-- Supplied records follows --
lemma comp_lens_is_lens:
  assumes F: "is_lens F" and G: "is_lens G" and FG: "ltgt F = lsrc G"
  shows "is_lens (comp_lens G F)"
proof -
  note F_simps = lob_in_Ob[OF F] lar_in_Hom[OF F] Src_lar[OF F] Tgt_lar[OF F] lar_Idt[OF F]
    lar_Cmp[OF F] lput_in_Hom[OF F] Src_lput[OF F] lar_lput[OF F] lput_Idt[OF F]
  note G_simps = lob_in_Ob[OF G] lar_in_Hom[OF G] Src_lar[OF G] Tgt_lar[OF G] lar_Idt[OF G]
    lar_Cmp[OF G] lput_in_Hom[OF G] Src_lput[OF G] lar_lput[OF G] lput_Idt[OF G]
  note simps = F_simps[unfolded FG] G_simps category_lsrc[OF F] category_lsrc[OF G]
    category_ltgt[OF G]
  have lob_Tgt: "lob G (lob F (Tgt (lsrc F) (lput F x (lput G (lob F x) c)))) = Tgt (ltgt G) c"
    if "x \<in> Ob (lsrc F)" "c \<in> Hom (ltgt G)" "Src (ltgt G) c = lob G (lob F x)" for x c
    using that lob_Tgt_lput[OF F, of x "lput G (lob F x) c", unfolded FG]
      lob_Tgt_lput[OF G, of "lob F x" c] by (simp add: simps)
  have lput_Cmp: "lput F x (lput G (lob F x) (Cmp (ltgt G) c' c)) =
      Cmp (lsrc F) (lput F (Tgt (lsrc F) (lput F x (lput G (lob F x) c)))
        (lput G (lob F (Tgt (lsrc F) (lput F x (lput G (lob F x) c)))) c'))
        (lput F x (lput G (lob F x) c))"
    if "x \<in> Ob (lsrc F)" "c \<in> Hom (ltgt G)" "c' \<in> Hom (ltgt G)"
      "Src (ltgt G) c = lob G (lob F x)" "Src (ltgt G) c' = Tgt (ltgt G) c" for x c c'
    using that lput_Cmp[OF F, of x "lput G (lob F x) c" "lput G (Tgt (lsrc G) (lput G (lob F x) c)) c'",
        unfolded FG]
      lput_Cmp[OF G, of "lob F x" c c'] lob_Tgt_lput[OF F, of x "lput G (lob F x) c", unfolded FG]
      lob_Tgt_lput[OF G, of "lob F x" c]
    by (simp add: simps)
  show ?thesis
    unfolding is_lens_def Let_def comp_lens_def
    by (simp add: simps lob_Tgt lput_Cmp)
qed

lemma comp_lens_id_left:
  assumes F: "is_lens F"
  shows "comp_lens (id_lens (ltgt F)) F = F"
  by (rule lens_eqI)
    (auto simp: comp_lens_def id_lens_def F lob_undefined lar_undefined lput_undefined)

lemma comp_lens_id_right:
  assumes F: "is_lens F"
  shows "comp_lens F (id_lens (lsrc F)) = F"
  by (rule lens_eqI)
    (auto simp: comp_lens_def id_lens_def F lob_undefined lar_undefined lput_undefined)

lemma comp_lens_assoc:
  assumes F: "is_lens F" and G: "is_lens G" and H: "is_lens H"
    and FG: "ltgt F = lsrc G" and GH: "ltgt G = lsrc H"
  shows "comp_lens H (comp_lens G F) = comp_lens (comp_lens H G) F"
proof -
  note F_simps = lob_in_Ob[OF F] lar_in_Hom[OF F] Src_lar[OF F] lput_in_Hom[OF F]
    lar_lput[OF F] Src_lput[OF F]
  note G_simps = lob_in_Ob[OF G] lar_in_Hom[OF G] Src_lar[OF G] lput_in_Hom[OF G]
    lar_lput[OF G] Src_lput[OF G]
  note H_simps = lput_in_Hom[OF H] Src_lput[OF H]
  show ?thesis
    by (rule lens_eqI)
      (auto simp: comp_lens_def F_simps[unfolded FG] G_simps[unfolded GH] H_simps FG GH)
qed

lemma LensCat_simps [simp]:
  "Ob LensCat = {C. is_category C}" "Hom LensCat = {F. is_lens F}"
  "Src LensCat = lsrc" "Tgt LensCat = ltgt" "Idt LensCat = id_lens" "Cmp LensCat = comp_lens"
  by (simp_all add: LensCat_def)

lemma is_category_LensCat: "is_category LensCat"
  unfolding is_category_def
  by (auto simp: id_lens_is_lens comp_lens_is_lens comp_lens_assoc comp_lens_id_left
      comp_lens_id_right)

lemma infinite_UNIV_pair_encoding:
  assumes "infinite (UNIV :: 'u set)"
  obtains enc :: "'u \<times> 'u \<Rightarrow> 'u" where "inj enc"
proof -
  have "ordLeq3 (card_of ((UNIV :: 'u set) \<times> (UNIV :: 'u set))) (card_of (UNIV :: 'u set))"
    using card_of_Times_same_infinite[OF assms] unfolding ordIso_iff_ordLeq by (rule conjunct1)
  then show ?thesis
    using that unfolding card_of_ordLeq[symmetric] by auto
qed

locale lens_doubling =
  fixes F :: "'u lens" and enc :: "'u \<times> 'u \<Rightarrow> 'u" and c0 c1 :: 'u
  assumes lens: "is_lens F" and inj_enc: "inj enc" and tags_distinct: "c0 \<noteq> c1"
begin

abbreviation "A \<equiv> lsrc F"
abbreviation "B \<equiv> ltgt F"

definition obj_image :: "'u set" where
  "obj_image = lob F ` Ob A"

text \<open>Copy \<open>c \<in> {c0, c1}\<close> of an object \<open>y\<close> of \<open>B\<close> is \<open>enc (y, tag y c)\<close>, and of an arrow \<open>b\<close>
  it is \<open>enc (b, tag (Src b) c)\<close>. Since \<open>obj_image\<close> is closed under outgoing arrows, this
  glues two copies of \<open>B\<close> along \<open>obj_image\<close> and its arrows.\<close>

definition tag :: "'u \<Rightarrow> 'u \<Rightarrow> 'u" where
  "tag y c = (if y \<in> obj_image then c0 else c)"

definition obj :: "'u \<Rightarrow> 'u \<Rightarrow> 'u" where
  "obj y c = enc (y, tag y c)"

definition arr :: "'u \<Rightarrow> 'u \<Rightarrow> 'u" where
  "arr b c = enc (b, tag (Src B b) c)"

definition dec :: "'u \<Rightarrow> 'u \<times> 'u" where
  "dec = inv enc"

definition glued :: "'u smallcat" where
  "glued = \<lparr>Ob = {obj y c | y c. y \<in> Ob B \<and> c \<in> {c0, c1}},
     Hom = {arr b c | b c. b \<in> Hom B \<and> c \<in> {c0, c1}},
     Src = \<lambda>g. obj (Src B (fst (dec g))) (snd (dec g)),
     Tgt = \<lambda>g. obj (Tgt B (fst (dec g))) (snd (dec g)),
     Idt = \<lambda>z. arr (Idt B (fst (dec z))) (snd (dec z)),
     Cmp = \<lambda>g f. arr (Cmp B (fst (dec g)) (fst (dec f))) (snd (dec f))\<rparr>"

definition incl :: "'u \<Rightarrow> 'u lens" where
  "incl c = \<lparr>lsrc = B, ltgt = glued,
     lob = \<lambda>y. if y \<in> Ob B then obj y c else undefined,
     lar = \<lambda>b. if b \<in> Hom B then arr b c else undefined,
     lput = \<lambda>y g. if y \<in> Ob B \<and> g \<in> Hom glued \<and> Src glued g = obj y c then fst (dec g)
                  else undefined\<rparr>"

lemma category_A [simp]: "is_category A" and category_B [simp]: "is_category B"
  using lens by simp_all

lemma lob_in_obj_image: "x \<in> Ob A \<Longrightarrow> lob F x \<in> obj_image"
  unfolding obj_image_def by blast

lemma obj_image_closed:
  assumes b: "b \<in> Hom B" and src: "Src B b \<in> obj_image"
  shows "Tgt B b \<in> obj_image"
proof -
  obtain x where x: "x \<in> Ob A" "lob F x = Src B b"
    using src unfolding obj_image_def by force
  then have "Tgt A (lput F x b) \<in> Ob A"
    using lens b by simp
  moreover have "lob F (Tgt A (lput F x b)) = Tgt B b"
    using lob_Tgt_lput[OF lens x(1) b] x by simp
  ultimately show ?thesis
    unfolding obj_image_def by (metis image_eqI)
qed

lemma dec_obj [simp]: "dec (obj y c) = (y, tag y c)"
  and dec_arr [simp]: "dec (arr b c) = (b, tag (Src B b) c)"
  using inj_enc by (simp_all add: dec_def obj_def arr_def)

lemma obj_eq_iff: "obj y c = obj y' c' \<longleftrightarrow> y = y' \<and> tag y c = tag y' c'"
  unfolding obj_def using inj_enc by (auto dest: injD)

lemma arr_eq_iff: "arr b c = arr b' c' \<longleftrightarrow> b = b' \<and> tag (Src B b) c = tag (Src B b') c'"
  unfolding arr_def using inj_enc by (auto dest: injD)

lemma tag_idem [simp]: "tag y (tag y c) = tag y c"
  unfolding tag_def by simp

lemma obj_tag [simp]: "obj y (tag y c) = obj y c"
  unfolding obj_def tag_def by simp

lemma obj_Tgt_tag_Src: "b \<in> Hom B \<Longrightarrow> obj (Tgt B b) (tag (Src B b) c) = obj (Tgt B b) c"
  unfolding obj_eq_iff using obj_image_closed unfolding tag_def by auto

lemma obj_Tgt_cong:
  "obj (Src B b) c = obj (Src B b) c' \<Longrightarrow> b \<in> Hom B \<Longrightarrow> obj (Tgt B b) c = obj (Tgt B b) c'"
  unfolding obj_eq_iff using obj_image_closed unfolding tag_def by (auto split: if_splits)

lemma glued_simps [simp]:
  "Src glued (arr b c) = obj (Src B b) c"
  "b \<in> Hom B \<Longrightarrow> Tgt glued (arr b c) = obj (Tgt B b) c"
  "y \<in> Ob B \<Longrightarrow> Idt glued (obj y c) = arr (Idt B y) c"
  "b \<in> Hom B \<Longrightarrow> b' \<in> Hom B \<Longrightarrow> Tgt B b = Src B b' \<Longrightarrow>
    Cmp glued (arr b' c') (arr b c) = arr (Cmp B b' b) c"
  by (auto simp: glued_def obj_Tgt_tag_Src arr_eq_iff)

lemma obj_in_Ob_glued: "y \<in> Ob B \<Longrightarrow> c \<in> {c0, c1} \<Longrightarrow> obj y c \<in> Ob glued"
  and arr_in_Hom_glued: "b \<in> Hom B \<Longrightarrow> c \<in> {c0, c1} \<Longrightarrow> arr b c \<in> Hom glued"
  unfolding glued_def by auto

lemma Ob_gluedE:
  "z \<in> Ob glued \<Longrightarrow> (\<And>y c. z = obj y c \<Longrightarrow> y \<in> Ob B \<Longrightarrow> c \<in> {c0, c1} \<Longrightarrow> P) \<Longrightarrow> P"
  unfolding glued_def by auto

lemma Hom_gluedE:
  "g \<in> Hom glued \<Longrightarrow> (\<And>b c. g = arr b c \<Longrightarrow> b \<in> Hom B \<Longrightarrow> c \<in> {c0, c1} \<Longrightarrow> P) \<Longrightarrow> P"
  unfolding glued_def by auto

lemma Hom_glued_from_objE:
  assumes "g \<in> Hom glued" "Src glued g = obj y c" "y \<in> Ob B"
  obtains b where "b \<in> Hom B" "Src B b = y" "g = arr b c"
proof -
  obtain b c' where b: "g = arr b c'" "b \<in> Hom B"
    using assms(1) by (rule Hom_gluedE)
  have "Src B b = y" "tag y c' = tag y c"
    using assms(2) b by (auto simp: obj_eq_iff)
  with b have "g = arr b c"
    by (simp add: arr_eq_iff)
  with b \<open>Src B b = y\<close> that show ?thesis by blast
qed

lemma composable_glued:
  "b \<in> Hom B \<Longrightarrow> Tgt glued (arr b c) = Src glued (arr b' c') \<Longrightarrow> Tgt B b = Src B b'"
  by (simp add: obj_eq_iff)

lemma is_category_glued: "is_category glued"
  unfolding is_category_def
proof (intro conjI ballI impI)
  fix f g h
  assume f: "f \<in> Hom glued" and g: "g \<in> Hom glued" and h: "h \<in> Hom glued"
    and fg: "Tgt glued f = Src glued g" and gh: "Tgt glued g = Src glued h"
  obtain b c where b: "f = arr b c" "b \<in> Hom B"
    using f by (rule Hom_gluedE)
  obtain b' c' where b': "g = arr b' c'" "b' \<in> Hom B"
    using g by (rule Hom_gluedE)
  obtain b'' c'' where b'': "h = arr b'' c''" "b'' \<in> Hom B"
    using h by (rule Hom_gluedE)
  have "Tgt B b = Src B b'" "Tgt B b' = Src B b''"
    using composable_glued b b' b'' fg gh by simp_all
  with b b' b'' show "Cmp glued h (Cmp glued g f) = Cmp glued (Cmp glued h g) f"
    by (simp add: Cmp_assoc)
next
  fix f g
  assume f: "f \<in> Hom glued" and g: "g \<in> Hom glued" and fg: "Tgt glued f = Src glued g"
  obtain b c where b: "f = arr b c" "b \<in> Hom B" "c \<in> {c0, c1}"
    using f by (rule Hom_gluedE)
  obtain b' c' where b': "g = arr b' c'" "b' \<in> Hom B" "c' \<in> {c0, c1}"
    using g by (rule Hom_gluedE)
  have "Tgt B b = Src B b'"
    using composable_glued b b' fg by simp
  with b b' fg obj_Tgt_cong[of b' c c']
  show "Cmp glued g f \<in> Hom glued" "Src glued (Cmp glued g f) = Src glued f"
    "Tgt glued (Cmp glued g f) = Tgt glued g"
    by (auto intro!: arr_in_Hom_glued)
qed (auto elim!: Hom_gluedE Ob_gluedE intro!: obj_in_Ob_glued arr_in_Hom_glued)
-- Supplied records concluded --
**Your goal:**
Wherever the word "assumes" turns up in a line of the entries above, copy that line.

**Answer section:**
  assumes F: "is_lens F" and G: "is_lens G" and FG: "ltgt F = lsrc G"
  assumes F: "is_lens F"
  assumes F: "is_lens F"
  assumes F: "is_lens F" and G: "is_lens G" and H: "is_lens H"
  assumes "infinite (UNIV :: 'u set)"
  assumes lens: "is_lens F" and inj_enc: "inj enc" and tags_distinct: "c0 \<noteq> c1"
  assumes b: "b \<in> Hom B" and src: "Src B b \<in> obj_image"
  assumes "g \<in> Hom glued" "Src glued g = obj y c" "y \<in> Ob B"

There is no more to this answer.